Problem to work on
Which lines run from the line with "(\<forall>c. \<forall>u\<in>W. (\<lambda>x." through the line with "(\<forall>k\<in>K. \<forall>w\<in>W. act" in the entries below? Print them exactly, both ends included, and nothing more.

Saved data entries
(* Let $n\ge4$ and assume hypothesis $(\mathrm A_{n-1})$. Let $T$ be an irreducible finite dimensional representation of $U'_q(\mathrm{so}_n)$. Then the restriction of $T$ to the subalgebra $U'_q(\mathrm{so}_{n-1})$ is completely reducible, and either all of its irreducible components are of the form $T_{\mathbf m_{n-1}}$ (classical type) or all of them are of the form $T_{\epsilon,\mathbf m_{n-1}}$ (nonclassical type).
   Context: Notation. Fix $q\in\mathbb C\setminus\{0\}$, not a root of unity, with a choice of $q^{1/2}$. Put $[a]=\frac{q^a-q^{-a}}{q-q^{-1}}$, $[a]_+=\frac{q^a+q^{-a}}{q-q^{-1}}$. The algebra. For $n\ge 3$, $U'_q(\mathrm{so}_n)$ is the complex unital associative algebra generated by $I_{21},\dots,I_{n,n-1}$ with relations, for $2\le i\le n-1$: $I_{i,i-1}^2I_{i+1,i}-(q+q^{-1})I_{i,i-1}I_{i+1,i}I_{i,i-1}+I_{i+1,i}I_{i,i-1}^2=-I_{i+1,i}$; $I_{i,i-1}I_{i+1,i}^2-(q+q^{-1})I_{i+1,i}I_{i,i-1}I_{i+1,i}+I_{i+1,i}^2I_{i,i-1}=-I_{i,i-1}$; and $I_{i,i-1}I_{j,j-1}=I_{j,j-1}I_{i,i-1}$ for $|i-j|>1$. The subalgebra of $U'_q(\mathrm{so}_n)$ generated by $I_{21},\dots,I_{n-1,n-2}$ is identified with $U'_q(\mathrm{so}_{n-1})$. Gel'fand–Tsetlin conventions. For $\mathbf m_s=(m_{1,s},\dots,m_{\lfloor s/2\rfloor,s})$ put $l_{j,2p+1}=m_{j,2p+1}+p-j+1$, $l_{j,2p}=m_{j,2p}+p-j$. A tableau for $U'_q(\mathrm{so}_N)$ is $\alpha=(\mathbf m_N,\dots,\mathbf m_2)$ with $\mathbf m_N$ fixed and entries differing from those of $\mathbf m_N$ by integers; $\alpha^{\pm j}_s$ is $\alpha$ with $m_{j,s}$ replaced by $m_{j,s}\pm1$; $|\beta\rangle=0$ if $\beta$ is not admissible. Classical type $T_{\mathbf m_N}$ (representation of $U'_q(\mathrm{so}_N)$). $\mathbf m_N$ has $\lfloor N/2\rfloor$ entries, all integers or all half-odd-integers, with $m_{1,2k+1}\ge\dots\ge m_{k,2k+1}\ge0$ ($N=2k+1$), $m_{1,2k}\ge\dots\ge m_{k-1,2k}\ge|m_{k,2k}|$ ($N=2k$). Basis $|\alpha\rangle$ over tableaux with $m_{1,2p+1}\ge m_{1,2p}\ge\dots\ge m_{p,2p+1}\ge m_{p,2p}\ge -m_{p,2p+1}$ and $m_{1,2p}\ge m_{1,2p-1}\ge\dots\ge m_{p-1,2p-1}\ge|m_{p,2p}|$. Action: $T(I_{2p+1,2p})|\alpha\rangle=\sum_{j=1}^p\frac{A^j_{2p}(\alpha)}{a(l_{j,2p})}|\alpha^{+j}_{2p}\rangle-\sum_{j=1}^p\frac{A^j_{2p}(\alpha^{-j}_{2p})}{a(l_{j,2p}-1)}|\alpha^{-j}_{2p}\rangle$, $T(I_{2p,2p-1})|\alpha\rangle=\sum_{j=1}^{p-1}\frac{B^j_{2p-1}(\alpha)}{b(l_{j,2p-1})[l_{j,2p-1}]}|\alpha^{+j}_{2p-1}\rangle-\sum_{j=1}^{p-1}\frac{B^j_{2p-1}(\alpha^{-j}_{2p-1})}{b(l_{j,2p-1}-1)[l_{j,2p-1}-1]}|\alpha^{-j}_{2p-1}\rangle+\mathrm i\,C_{2p-1}(\alpha)|\alpha\rangle$, $A^j_{2p}=\Big(\frac{\prod_{i=1}^p[l_{i,2p+1}+l_{j,2p}][l_{i,2p+1}-l_{j,2p}-1]\prod_{i=1}^{p-1}[l_{i,2p-1}+l_{j,2p}][l_{i,2p-1}-l_{j,2p}-1]}{\prod_{i\ne j}[l_{i,2p}+l_{j,2p}][l_{i,2p}-l_{j,2p}][l_{i,2p}+l_{j,2p}+1][l_{i,2p}-l_{j,2p}-1]}\Big)^{1/2}$, $B^j_{2p-1}=\Big(\frac{\prod_{i=1}^p[l_{i,2p}+l_{j,2p-1}][l_{i,2p}-l_{j,2p-1}]\prod_{i=1}^{p-1}[l_{i,2p-2}+l_{j,2p-1}][l_{i,2p-2}-l_{j,2p-1}]}{\prod_{i\ne j}^{p-1}[l_{i,2p-1}+l_{j,2p-1}][l_{i,2p-1}-l_{j,2p-1}][l_{i,2p-1}+l_{j,2p-1}-1][l_{i,2p-1}-l_{j,2p-1}-1]}\Big)^{1/2}$, $C_{2p-1}=\frac{\prod_{s=1}^p[l_{s,2p}]\prod_{s=1}^{p-1}[l_{s,2p-2}]}{\prod_{s=1}^{p-1}[l_{s,2p-1}][l_{s,2p-1}-1]}$, $a(l)=\{(q^{l+1}+q^{-l-1})(q^l+q^{-l})\}^{1/2}$, $b(l)=([2l+1][2l-1])^{1/2}$. Nonclassical type $T_{\epsilon,\mathbf m_N}$. $\epsilon=(\epsilon_2,\dots,\epsilon_N)\in\{\pm1\}^{N-1}$, $\mathbf m_N$ half-odd-integers with $m_{1,N}\ge\dots\ge m_{\lfloor N/2\rfloor,N}\ge\frac12$. Basis over tableaux with $m_{1,2p+1}\ge m_{1,2p}\ge\dots\ge m_{p,2p+1}\ge m_{p,2p}\ge\frac12$ and $m_{1,2p}\ge m_{1,2p-1}\ge\dots\ge m_{p-1,2p-1}\ge m_{p,2p}$. Action: $T(I_{2p+1,2p})|\alpha\rangle=\delta_{m_{p,2p},1/2}\frac{\epsilon_{2p+1}}{q^{1/2}-q^{-1/2}}D_{2p}(\alpha)|\alpha\rangle+\sum_{j=1}^p\frac{A^j_{2p}(\alpha)}{a'(l_{j,2p})}|\alpha^{+j}_{2p}\rangle-\sum_j\frac{A^j_{2p}(\alpha^{-j}_{2p})}{a'(l_{j,2p}-1)}|\alpha^{-j}_{2p}\rangle$ (last sum over $j\le p$, or $j\le p-1$ if $m_{p,2p}=\frac12$), $T(I_{2p,2p-1})|\alpha\rangle=\sum_{j=1}^{p-1}\frac{B^j_{2p-1}(\alpha)}{b(l_{j,2p-1})[l_{j,2p-1}]_+}|\alpha^{+j}_{2p-1}\rangle-\sum_{j=1}^{p-1}\frac{B^j_{2p-1}(\alpha^{-j}_{2p-1})}{b(l_{j,2p-1}-1)[l_{j,2p-1}-1]_+}|\alpha^{-j}_{2p-1}\rangle+\epsilon_{2p}\hat C_{2p-1}(\alpha)|\alpha\rangle$, $a'(l)=\{(q^{l+1}-q^{-l-1})(q^l-q^{-l})\}^{1/2}$, $\hat C_{2p-1}=\frac{\prod_{s=1}^p[l_{s,2p}]_+\prod_{s=1}^{p-1}[l_{s,2p-2}]_+}{\prod_{s=1}^{p-1}[l_{s,2p-1}]_+[l_{s,2p-1}-1]_+}$, $D_{2p}=\frac{\prod_{i=1}^p[l_{i,2p+1}-\frac12]\prod_{i=1}^{p-1}[l_{i,2p-1}-\frac12]}{\prod_{i=1}^{p-1}[l_{i,2p}+\frac12][l_{i,2p}-\frac12]}$. Hypothesis $(\mathrm A_{n-1})$: every finite dimensional representation of $U'_q(\mathrm{so}_{n-1})$ is completely reducible, and every irreducible finite dimensional representation of $U'_q(\mathrm{so}_{n-1})$ is equivalent to some $T_{\mathbf m_{n-1}}$ or some $T_{\epsilon,\mathbf m_{n-1}}$. *)

theory Defs
  imports Complex_Main
begin

text \<open>A representation of U'_q(so_N) is given by a finite basis index set S and,
for each k in {2..N}, the matrix rho k of the generator I_{k,k-1}; the entry rho k b a is
the coefficient of the basis vector b in the image of the basis vector a. The parameter h is the chosen
square root q^(1/2) of q, so q = h^2.\<close>

definition vecs :: "'i set \<Rightarrow> ('i \<Rightarrow> complex) set" where
  "vecs S = {v. \<forall>x. x \<notin> S \<longrightarrow> v x = 0}"

definition act :: "'i set \<Rightarrow> ('i \<Rightarrow> 'i \<Rightarrow> complex) \<Rightarrow> ('i \<Rightarrow> complex) \<Rightarrow> ('i \<Rightarrow> complex)" where
  "act S A v = (\<lambda>b. if b \<in> S then (\<Sum>a\<in>S. A b a * v a) else 0)"

definition csubspace :: "('i \<Rightarrow> complex) set \<Rightarrow> bool" where
  "csubspace W \<longleftrightarrow> (\<lambda>_. 0) \<in> W \<and> (\<forall>u\<in>W. \<forall>v\<in>W. (\<lambda>x. u x + v x) \<in> W)
      \<and> (\<forall>c. \<forall>u\<in>W. (\<lambda>x. c * u x) \<in> W)"

definition is_rep :: "complex \<Rightarrow> nat \<Rightarrow> 'i set \<Rightarrow> (nat \<Rightarrow> 'i \<Rightarrow> 'i \<Rightarrow> complex) \<Rightarrow> bool" where
  "is_rep h N S \<rho> \<longleftrightarrow> finite S \<and>
    (\<forall>i\<in>{2..N-1}. \<forall>v\<in>vecs S.
       (\<lambda>x. act S (\<rho> i) (act S (\<rho> i) (act S (\<rho> (i+1)) v)) x
          - (h^2 + inverse (h^2)) * act S (\<rho> i) (act S (\<rho> (i+1)) (act S (\<rho> i) v)) x
          + act S (\<rho> (i+1)) (act S (\<rho> i) (act S (\<rho> i) v)) x)
       = (\<lambda>x. - act S (\<rho> (i+1)) v x)
     \<and>
       (\<lambda>x. act S (\<rho> i) (act S (\<rho> (i+1)) (act S (\<rho> (i+1)) v)) x
          - (h^2 + inverse (h^2)) * act S (\<rho> (i+1)) (act S (\<rho> i) (act S (\<rho> (i+1)) v)) x
          + act S (\<rho> (i+1)) (act S (\<rho> (i+1)) (act S (\<rho> i) v)) x)
       = (\<lambda>x. - act S (\<rho> i) v x)) \<and>
    (\<forall>i\<in>{2..N}. \<forall>j\<in>{2..N}. (i > j + 1 \<or> j > i + 1) \<longrightarrow>
       (\<forall>v\<in>vecs S. act S (\<rho> i) (act S (\<rho> j) v) = act S (\<rho> j) (act S (\<rho> i) v)))"

definition inv_subspace :: "'i set \<Rightarrow> (nat \<Rightarrow> 'i \<Rightarrow> 'i \<Rightarrow> complex) \<Rightarrow> nat set \<Rightarrow> ('i \<Rightarrow> complex) set \<Rightarrow> bool" where
  "inv_subspace S \<rho> K W \<longleftrightarrow> W \<subseteq> vecs S \<and> csubspace W \<and>
     (\<forall>k\<in>K. \<forall>w\<in>W. act S (\<rho> k) w \<in> W)"

definition irred_sub :: "'i set \<Rightarrow> (nat \<Rightarrow> 'i \<Rightarrow> 'i \<Rightarrow> complex) \<Rightarrow> nat set \<Rightarrow> ('i \<Rightarrow> complex) set \<Rightarrow> bool" where
  "irred_sub S \<rho> K W \<longleftrightarrow> inv_subspace S \<rho> K W \<and> W \<noteq> {\<lambda>_. 0} \<and>
     (\<forall>U. inv_subspace S \<rho> K U \<and> U \<subseteq> W \<longrightarrow> U = {\<lambda>_. 0} \<or> U = W)"

definition irred_decomp :: "'i set \<Rightarrow> (nat \<Rightarrow> 'i \<Rightarrow> 'i \<Rightarrow> complex) \<Rightarrow> nat set \<Rightarrow> nat \<Rightarrow> (nat \<Rightarrow> ('i \<Rightarrow> complex) set) \<Rightarrow> bool" where
  "irred_decomp S \<rho> K r W \<longleftrightarrow> (\<forall>i<r. irred_sub S \<rho> K (W i)) \<and>
     (\<forall>v\<in>vecs S. \<exists>!w. (\<forall>i<r. w i \<in> W i) \<and> (\<forall>i\<ge>r. w i = (\<lambda>_. 0)) \<and> v = (\<lambda>x. \<Sum>i<r. w i x))"

definition completely_reducible :: "'i set \<Rightarrow> (nat \<Rightarrow> 'i \<Rightarrow> 'i \<Rightarrow> complex) \<Rightarrow> nat set \<Rightarrow> bool" where
  "completely_reducible S \<rho> K \<longleftrightarrow> (\<exists>r W. irred_decomp S \<rho> K r W)"

text \<open>The subrepresentation on the invariant subspace W of (S, rho), restricted to the
generators of U'_q(so_N'), is equivalent to the representation (S', rho') of U'_q(so_N').\<close>
definition equiv_sub :: "'i set \<Rightarrow> (nat \<Rightarrow> 'i \<Rightarrow> 'i \<Rightarrow> complex) \<Rightarrow> ('i \<Rightarrow> complex) set \<Rightarrow> nat
     \<Rightarrow> 'j set \<Rightarrow> (nat \<Rightarrow> 'j \<Rightarrow> 'j \<Rightarrow> complex) \<Rightarrow> bool" where
  "equiv_sub S \<rho> W N' S' \<rho>' \<longleftrightarrow> (\<exists>\<phi>.
     (\<forall>u\<in>vecs S'. \<forall>v\<in>vecs S'. \<phi> (\<lambda>x. u x + v x) = (\<lambda>x. \<phi> u x + \<phi> v x)) \<and>
     (\<forall>c. \<forall>u\<in>vecs S'. \<phi> (\<lambda>x. c * u x) = (\<lambda>x. c * \<phi> u x)) \<and>
     bij_betw \<phi> (vecs S') W \<and>
     (\<forall>k\<in>{2..N'}. \<forall>u\<in>vecs S'. \<phi> (act S' (\<rho>' k) u) = act S (\<rho> k) (\<phi> u)))"

section \<open>Gel'fand-Tsetlin tableaux (entries doubled, so that they are integers)\<close>

text \<open>A tableau t : t s j = 2 m_{j,s} for 2 <= s <= N, 1 <= j <= s div 2, and 0 elsewhere.
M j = 2 m_{j,N}. Lval t s j = 2 l_{j,s}.\<close>

type_synonym tableau = "nat \<Rightarrow> nat \<Rightarrow> int"

definition Lval :: "tableau \<Rightarrow> nat \<Rightarrow> nat \<Rightarrow> int" where
  "Lval t s j = t s j + (if odd s then 2 * (int (s div 2) - int j + 1) else 2 * (int (s div 2) - int j))"

definition tplus :: "tableau \<Rightarrow> nat \<Rightarrow> nat \<Rightarrow> tableau" where
  "tplus t s j = t(s := (t s)(j := t s j + 2))"

definition tminus :: "tableau \<Rightarrow> nat \<Rightarrow> nat \<Rightarrow> tableau" where
  "tminus t s j = t(s := (t s)(j := t s j - 2))"

definition tab_shape :: "nat \<Rightarrow> (nat \<Rightarrow> int) \<Rightarrow> tableau \<Rightarrow> bool" where
  "tab_shape N M t \<longleftrightarrow>
     (\<forall>s j. \<not> (2 \<le> s \<and> s \<le> N \<and> 1 \<le> j \<and> j \<le> s div 2) \<longrightarrow> t s j = 0) \<and>
     (\<forall>j\<in>{1..N div 2}. t N j = M j) \<and>
     (\<forall>s\<in>{2..N}. \<forall>j\<in>{1..s div 2}. \<forall>i\<in>{1..N div 2}. even (t s j - M i))"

Solution for this exercise
      \<and> (\<forall>c. \<forall>u\<in>W. (\<lambda>x. c * u x) \<in> W)"

definition is_rep :: "complex \<Rightarrow> nat \<Rightarrow> 'i set \<Rightarrow> (nat \<Rightarrow> 'i \<Rightarrow> 'i \<Rightarrow> complex) \<Rightarrow> bool" where
  "is_rep h N S \<rho> \<longleftrightarrow> finite S \<and>
    (\<forall>i\<in>{2..N-1}. \<forall>v\<in>vecs S.
       (\<lambda>x. act S (\<rho> i) (act S (\<rho> i) (act S (\<rho> (i+1)) v)) x
          - (h^2 + inverse (h^2)) * act S (\<rho> i) (act S (\<rho> (i+1)) (act S (\<rho> i) v)) x
          + act S (\<rho> (i+1)) (act S (\<rho> i) (act S (\<rho> i) v)) x)
       = (\<lambda>x. - act S (\<rho> (i+1)) v x)
     \<and>
       (\<lambda>x. act S (\<rho> i) (act S (\<rho> (i+1)) (act S (\<rho> (i+1)) v)) x
          - (h^2 + inverse (h^2)) * act S (\<rho> (i+1)) (act S (\<rho> i) (act S (\<rho> (i+1)) v)) x
          + act S (\<rho> (i+1)) (act S (\<rho> (i+1)) (act S (\<rho> i) v)) x)
       = (\<lambda>x. - act S (\<rho> i) v x)) \<and>
    (\<forall>i\<in>{2..N}. \<forall>j\<in>{2..N}. (i > j + 1 \<or> j > i + 1) \<longrightarrow>
       (\<forall>v\<in>vecs S. act S (\<rho> i) (act S (\<rho> j) v) = act S (\<rho> j) (act S (\<rho> i) v)))"

definition inv_subspace :: "'i set \<Rightarrow> (nat \<Rightarrow> 'i \<Rightarrow> 'i \<Rightarrow> complex) \<Rightarrow> nat set \<Rightarrow> ('i \<Rightarrow> complex) set \<Rightarrow> bool" where
  "inv_subspace S \<rho> K W \<longleftrightarrow> W \<subseteq> vecs S \<and> csubspace W \<and>
     (\<forall>k\<in>K. \<forall>w\<in>W. act S (\<rho> k) w \<in> W)"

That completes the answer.